Pennsylvania Northeast Regional Railroad Authority

Overview
- Operator: Delaware-Lackawanna Railroad
- Headquarters: Scranton, Pennsylvania, U.S.
- Locale: Lackawanna County Monroe County Northampton County Wayne County
- Dates of operation: May 2006–present
- Predecessors: Lackawanna Railroad Authority Monroe County Rail Authority

Technical
- Track gauge: 1,435 mm (4 ft 8+1⁄2 in) standard gauge
- Length: 95 miles (153 km)

Other
- Website: pnrra.org

= Pennsylvania Northeast Regional Railroad Authority =

The Pennsylvania Northeast Regional Railroad Authority (PNRRA) is a bi-county creation of both Lackawanna and Monroe counties to oversee the use of common rail freight lines in Northeastern Pennsylvania. The designated freight operator of the Pennsylvania Northeast Regional Rail Authority lines is the Delaware-Lackawanna Railroad and tourism operator is Steamtown National Historic Site.

One of its primary objectives is to re-establish rail passenger service with New Jersey Transit between Scranton, Pennsylvania and Hoboken, New Jersey by way of the Lackawanna Cut-Off, with connecting service to Manhattan, New York. Amtrak is also a possibility for passenger rail service to Scranton by way of the Lackawanna Cut-Off.

==History==
The PNRRA was formed in May 2006, when Lackawanna and Monroe counties agreed to merge their rail authorities. The consensus reached was that the operation of the railroad needed to be a multi-county venture and that a regional approach was necessary as trackage begins and ends outside individual county boundaries. In addition, it was felt that the pooling of resources was necessary in order to operate a railroad in a very competitive environment and, conversely, to obtain the funding necessary to operate a railroad from the State and Federal governments.

The Lackawanna County Railroad Authority was established in 1985 had over 16 million dollars in assets and operates more than 66 mi of track in Lackawanna, Wayne and Monroe Counties.
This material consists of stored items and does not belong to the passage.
theorem proposition6p2:
  fixes Theta :: "'a::euclidean_space set"
    and T :: nat
    and f :: "nat \<Rightarrow> 'a \<Rightarrow> real"
    and F :: "'a \<Rightarrow> real"
    and theta_star :: 'a
    and L rho :: real
    and theta :: "nat list \<Rightarrow> 'a"
    and g :: "nat list \<Rightarrow> nat \<Rightarrow> 'a \<Rightarrow> real"
  assumes Theta_convex: "convex Theta"
    and T_pos: "T \<ge> 1"
    and f_cont: "\<And>t. t \<in> {1..T} \<Longrightarrow> continuous_on UNIV (f t)"
    and F_def: "\<And>x. F x = (1 / real T) * (\<Sum>t=1..T. f t x)"
    and F_convex: "convex_on UNIV F"
    and star_in: "theta_star \<in> Theta"
    and star_min: "\<And>x. x \<in> Theta \<Longrightarrow> F theta_star \<le> F x"
    and rho_ge: "rho \<ge> L"
    and init_in: "theta [] \<in> Theta"
    and g0_sur: "\<And>t. t \<in> {1..T} \<Longrightarrow>
                   sc_first_order_surrogate Theta L rho (f t) (theta []) (g [] t)
                   \<and> majorant (f t) (g [] t)"
    and gn_sur: "\<And>hs s. set hs \<subseteq> {1..T} \<Longrightarrow> s \<in> {1..T} \<Longrightarrow>
                   sc_first_order_surrogate Theta L rho (f s) (theta hs) (g (hs @ [s]) s)
                   \<and> majorant (f s) (g (hs @ [s]) s)"
    and gn_keep: "\<And>hs s t. set hs \<subseteq> {1..T} \<Longrightarrow> s \<in> {1..T} \<Longrightarrow> t \<in> {1..T} \<Longrightarrow>
                   t \<noteq> s \<Longrightarrow> g (hs @ [s]) t = g hs t"
    and theta_in: "\<And>hs. set hs \<subseteq> {1..T} \<Longrightarrow> theta hs \<in> Theta"
    and theta_argmin: "\<And>hs x. set hs \<subseteq> {1..T} \<Longrightarrow> hs \<noteq> [] \<Longrightarrow> x \<in> Theta \<Longrightarrow>
                   (1 / real T) * (\<Sum>t=1..T. g hs t (theta hs))
                   \<le> (1 / real T) * (\<Sum>t=1..T. g hs t x)"
  shows "(\<forall>n\<ge>1.
            measure_pmf.expectation (pmf_of_set (histories T n))
              (\<lambda>hs. F (theta hs) - F theta_star)
            \<le> L * (norm (theta_star - theta []))\<^sup>2 / (2 * (1 / real T) * real n))
       \<and> (\<forall>mu>0. strongly_convex_on UNIV mu F \<longrightarrow>
            (\<forall>n\<ge>1.
               measure_pmf.expectation (pmf_of_set (histories T n))
                 (\<lambda>hs. (norm (theta_star - theta hs))\<^sup>2)
               \<le> ((1 - 1 / real T) + (1 / real T) * (L / (rho + mu))) ^ n
                   * (norm (theta_star - theta []))\<^sup>2
             \<and> measure_pmf.expectation (pmf_of_set (histories T n))
                 (\<lambda>hs. F (theta hs) - F theta_star)
               \<le> ((1 - 1 / real T) + (1 / real T) * (L / (rho + mu))) ^ (n - 1)
                   * (L * (norm (theta_star - theta []))\<^sup>2 / 2)))"
proof -
  interpret miso Theta T f F theta_star L rho theta g
    using Theta_convex T_pos F_def star_in star_min rho_ge g0_sur gn_sur gn_keep theta_in theta_argmin
    by unfold_locales
  show ?thesis
    using sublinear_rate linear_rate by blast
qed

end
theorem q_binomial_theorem:
  "qpoch z q n = (\<Sum>k\<le>n. gauss_binom q n k * (- z) ^ k * q ^ (k choose 2))"
proof (induction n)
  case 0
  then show ?case by (simp add: binomial_eq_0)
next
  case (Suc n)
  have "(\<Sum>k\<le>n. q ^ (n - k) * gauss_binom q n k * ((- z) ^ Suc k * q ^ (Suc k choose 2)))
      = - z * q ^ n * (\<Sum>k\<le>n. gauss_binom q n k * (- z) ^ k * q ^ (k choose 2))"
    unfolding sum_distrib_left
  proof (rule sum.cong)
    fix k
    assume "k \<in> {..n}"
    then have "q ^ (n - k) * q ^ k = q ^ n"
      by (simp add: power_add[symmetric])
    then show "q ^ (n - k) * gauss_binom q n k * ((- z) ^ Suc k * q ^ (Suc k choose 2))
        = - z * q ^ n * (gauss_binom q n k * (- z) ^ k * q ^ (k choose 2))"
      by (simp add: choose_two_Suc power_add)
  qed simp
  then show ?case
    using sum_gauss_binom_Suc[of q n "\<lambda>k. (- z) ^ k * q ^ (k choose 2)"]
    by (simp add: Suc.IH mult.assoc qpoch_Suc algebra_simps)
qed

lemma sum_gauss_binom_qpoch_eq_1:
  "(\<Sum>k\<le>n. gauss_binom q n k * (z ^ k * q ^ (2 * (k choose 2)) * qpoch (z * q ^ k) q (n - k))) = 1"
proof (induction n arbitrary: z)
  case 0
  then show ?case by (simp add: binomial_eq_0)
next
  case (Suc n z)
  let ?f = "\<lambda>k. z ^ k * q ^ (2 * (k choose 2)) * qpoch (z * q ^ k) q (Suc n - k)"
  have stay: "(\<Sum>k\<le>n. gauss_binom q n k * ?f k) = (1 - z * q ^ n) *
      (\<Sum>k\<le>n. gauss_binom q n k * (z ^ k * q ^ (2 * (k choose 2)) * qpoch (z * q ^ k) q (n - k)))"
    unfolding sum_distrib_left
  proof (rule sum.cong)
    fix k
    assume "k \<in> {..n}"
    then have "Suc n - k = Suc (n - k)" and "q ^ k * q ^ (n - k) = q ^ n"
      by (simp_all add: power_add[symmetric])
    then show "gauss_binom q n k * ?f k = (1 - z * q ^ n) *
        (gauss_binom q n k * (z ^ k * q ^ (2 * (k choose 2)) * qpoch (z * q ^ k) q (n - k)))"
      by (simp add: qpoch_Suc mult_ac)
  qed simp
  have shift: "(\<Sum>k\<le>n. q ^ (n - k) * gauss_binom q n k * ?f (Suc k)) = z * q ^ n *
      (\<Sum>k\<le>n. gauss_binom q n k * ((z * q) ^ k * q ^ (2 * (k choose 2)) * qpoch (z * q * q ^ k) q (n - k)))"
    unfolding sum_distrib_left
  proof (rule sum.cong)
    fix k
    assume "k \<in> {..n}"
    then have "q ^ (n - k) * q ^ (k * 2) = q ^ k * q ^ n"
      by (simp add: power_add[symmetric])
    then show "q ^ (n - k) * gauss_binom q n k * ?f (Suc k) = z * q ^ n *
        (gauss_binom q n k * ((z * q) ^ k * q ^ (2 * (k choose 2)) * qpoch (z * q * q ^ k) q (n - k)))"
      by (simp add: choose_two_Suc power_add power_mult_distrib algebra_simps)
  qed simp
  show ?case
    unfolding sum_gauss_binom_Suc[of q n ?f] stay shift Suc.IH by (simp add: algebra_simps)
qed
lemma weak_subint_closure_if_powers_in_pow:
  assumes pow: "\<And>n. q < n \<Longrightarrow> b ^ n \<in> ideal_pow J n"
  shows "b \<in> weak_subint_closure J"
proof -
  define a where "a i = of_int (weak_subint_coeff q i) * b ^ i" for i
  have "a i \<in> ideal_pow J i" if "i \<ge> 1" for i
  proof (cases "i \<le> q")
    case True
    then show ?thesis
      using that by (simp add: a_def weak_subint_coeff.simps ideal_zero[OF is_ideal_ideal_pow])
  next
    case False
    then show ?thesis
      unfolding a_def by (intro ideal_mult_left[OF is_ideal_ideal_pow] pow) simp
  qed
  moreover have "b ^ n + (\<Sum>i=1..n. of_nat (n choose i) * a i * b ^ (n - i)) = 0"
    if n: "q < n" for n
  proof -
    have "(\<Sum>i=1..n. of_nat (n choose i) * a i * b ^ (n - i))
        = (\<Sum>i=1..n. of_int (int (n choose i) * weak_subint_coeff q i) * b ^ n)"
    proof (rule sum.cong[OF refl])
      fix i assume "i \<in> {1..n}"
      then have "b ^ i * b ^ (n - i) = b ^ n"
        by (simp flip: power_add)
      then show "of_nat (n choose i) * a i * b ^ (n - i)
          = of_int (int (n choose i) * weak_subint_coeff q i) * b ^ n"
        by (simp add: a_def mult.assoc)
    qed
    also have "\<dots> = of_int (\<Sum>i=1..n. int (n choose i) * weak_subint_coeff q i) * b ^ n"
      by (simp add: sum_distrib_right)
    also have "\<dots> = - (b ^ n)"
      using weak_subint_coeff_binomial_sum[OF n] by simp
    finally show ?thesis
      by simp
  qed
  ultimately show ?thesis
    unfolding weak_subint_closure_def by (intro CollectI exI[of _ q] exI[of _ a]) auto
qed

lemma power_in_pow_of_reduction:
  assumes red: "\<And>N. ideal_pow I N \<subseteq> ideal_pow J (N - R)"
    and m: "m \<ge> 1" "a ^ m \<in> ideal_pow I (m + 1)"
    and n: "m * (R + m) < n"
  shows "a ^ n \<in> ideal_pow J n"
proof -
  have "R + m \<le> n div m"
    using n m by (metis less_imp_le_nat div_le_mono nonzero_mult_div_cancel_left not_one_le_zero)
  moreover have "n < n div m * m + m"
    using mod_less_divisor[of m n] m div_mult_mod_eq[of n m] by linarith
  ultimately have "n \<le> n div m * (m + 1) - R"
    by (simp add: algebra_simps)
  moreover have "a ^ n \<in> ideal_pow J (n div m * (m + 1) - R)"
    using red power_div_in_ideal_pow[OF m(2)] by blast
  ultimately show ?thesis
    using ideal_pow_antimono by blast
qed
(* (A1) for the conflation of the deflation part of p2, whose kernel is i1 up to isomorphism. *)
lemma biproduct_in:
  assumes bp: "is_biproduct C X1 X2 S i1 i2 p1 p2" and X: "X1 \<in> \<A>" "X2 \<in> \<A>"
  shows "S \<in> \<A>"
proof -
  have p2: "p2 \<in> hom C S X2" using bp unfolding is_biproduct_def by blast
  obtain e m where e: "deflation E e" and m: "inflation E m" "cd C e = dm C m" "dm C m \<in> \<A>"
    and fac: "p2 = m \<cdot> e"
    using deflation_inflation_factorisation[of p2] p2 X(2) by (auto simp: hom_def)
  obtain k where ke: "(k, e) \<in> E" using e unfolding deflation_def by blast
  have "is_kernel C k p2"
    using kernel_comp_inflation[OF conflation_kernel[OF ke] m(1,2)] fac by simp
  then have "dm C k \<in> \<A>"
    using isomorphic_in[OF X(1)] kernels_isomorphic[OF biproduct_kernel[OF bp]]
      biproduct_kernel[OF bp] bp unfolding is_biproduct_def by (auto simp: hom_def)
  moreover have "cd C k = S"
    using conflation_kernel[OF ke] inflation_comp_deflation_hom[OF e m(1,2)] p2 fac m(2)
    by (simp add: is_kernel_def hom_def)
  ultimately show ?thesis using conflation_middle_in[OF ke] m(2,3) by simp
qed

lemma pushout_exists_in:
  assumes f: "f \<in> hom C X Y" and g: "g \<in> hom C X A" and in\<A>: "Y \<in> \<A>" "A \<in> \<A>"
  shows "\<exists>P f' g'. is_pushout C f g P f' g' \<and> P \<in> \<A>"
proof -
  obtain S i1 i2 p1 p2 where bp: "is_biproduct C Y A S i1 i2 p1 p2"
    using biproduct_exists in_ob in\<A> by blast
  have "ad C (i1 \<cdot> f) (i2 \<cdot> ng C g) \<in> hom C X S"
    using bp f g unfolding is_biproduct_def by blast
  then obtain q where "is_cokernel C q (ad C (i1 \<cdot> f) (i2 \<cdot> ng C g))" "cd C q \<in> \<A>"
    using cokernel_exists_in biproduct_in[OF bp in\<A>] by blast
  then show ?thesis using pushout_of_biproduct_cokernel[OF bp f g] by blast
qed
The Monroe County Rail Authority was created in 1980, and controlled over 12 million dollars in assets, with trackage totaling 29 mi.

In 2007 the Agency received the 5th Annual John J. Luciania Award for regionalism from the NEPA Alliance, the Agency that serves as the RPO and MPO for the two regions that are working together to implement passenger rail.

== Trackage ==
The Pennsylvania Northeast Regional Railroad Authority owns the following lines:

- The former Delaware and Hudson Railway's Pennsylvania Branch/Penn Division main line from Scranton, northeast to the city of Carbondale, now called the Carbondale Mainline.
- The former Delaware, Lackawanna and Western Railroad main line, now called the Pocono Mainline, also known as Pocono Main, towards New Jersey and New York City from Scranton to Slateford Junction. The Pocono Mainline has hosted a number of excursions, including excursions of the Nickel Plate 765.
- From Southwest Scranton to Montage Mountain, Moosic on lines of the former Lackawanna and Wyoming Valley Railroad third-rail interurban streetcar line as well as a segment of the Erie Lackawanna Railroad's Wyoming Division. This line is called the "Laurel Line". The Laurel Line also connects with the "Minooka Industrial Track".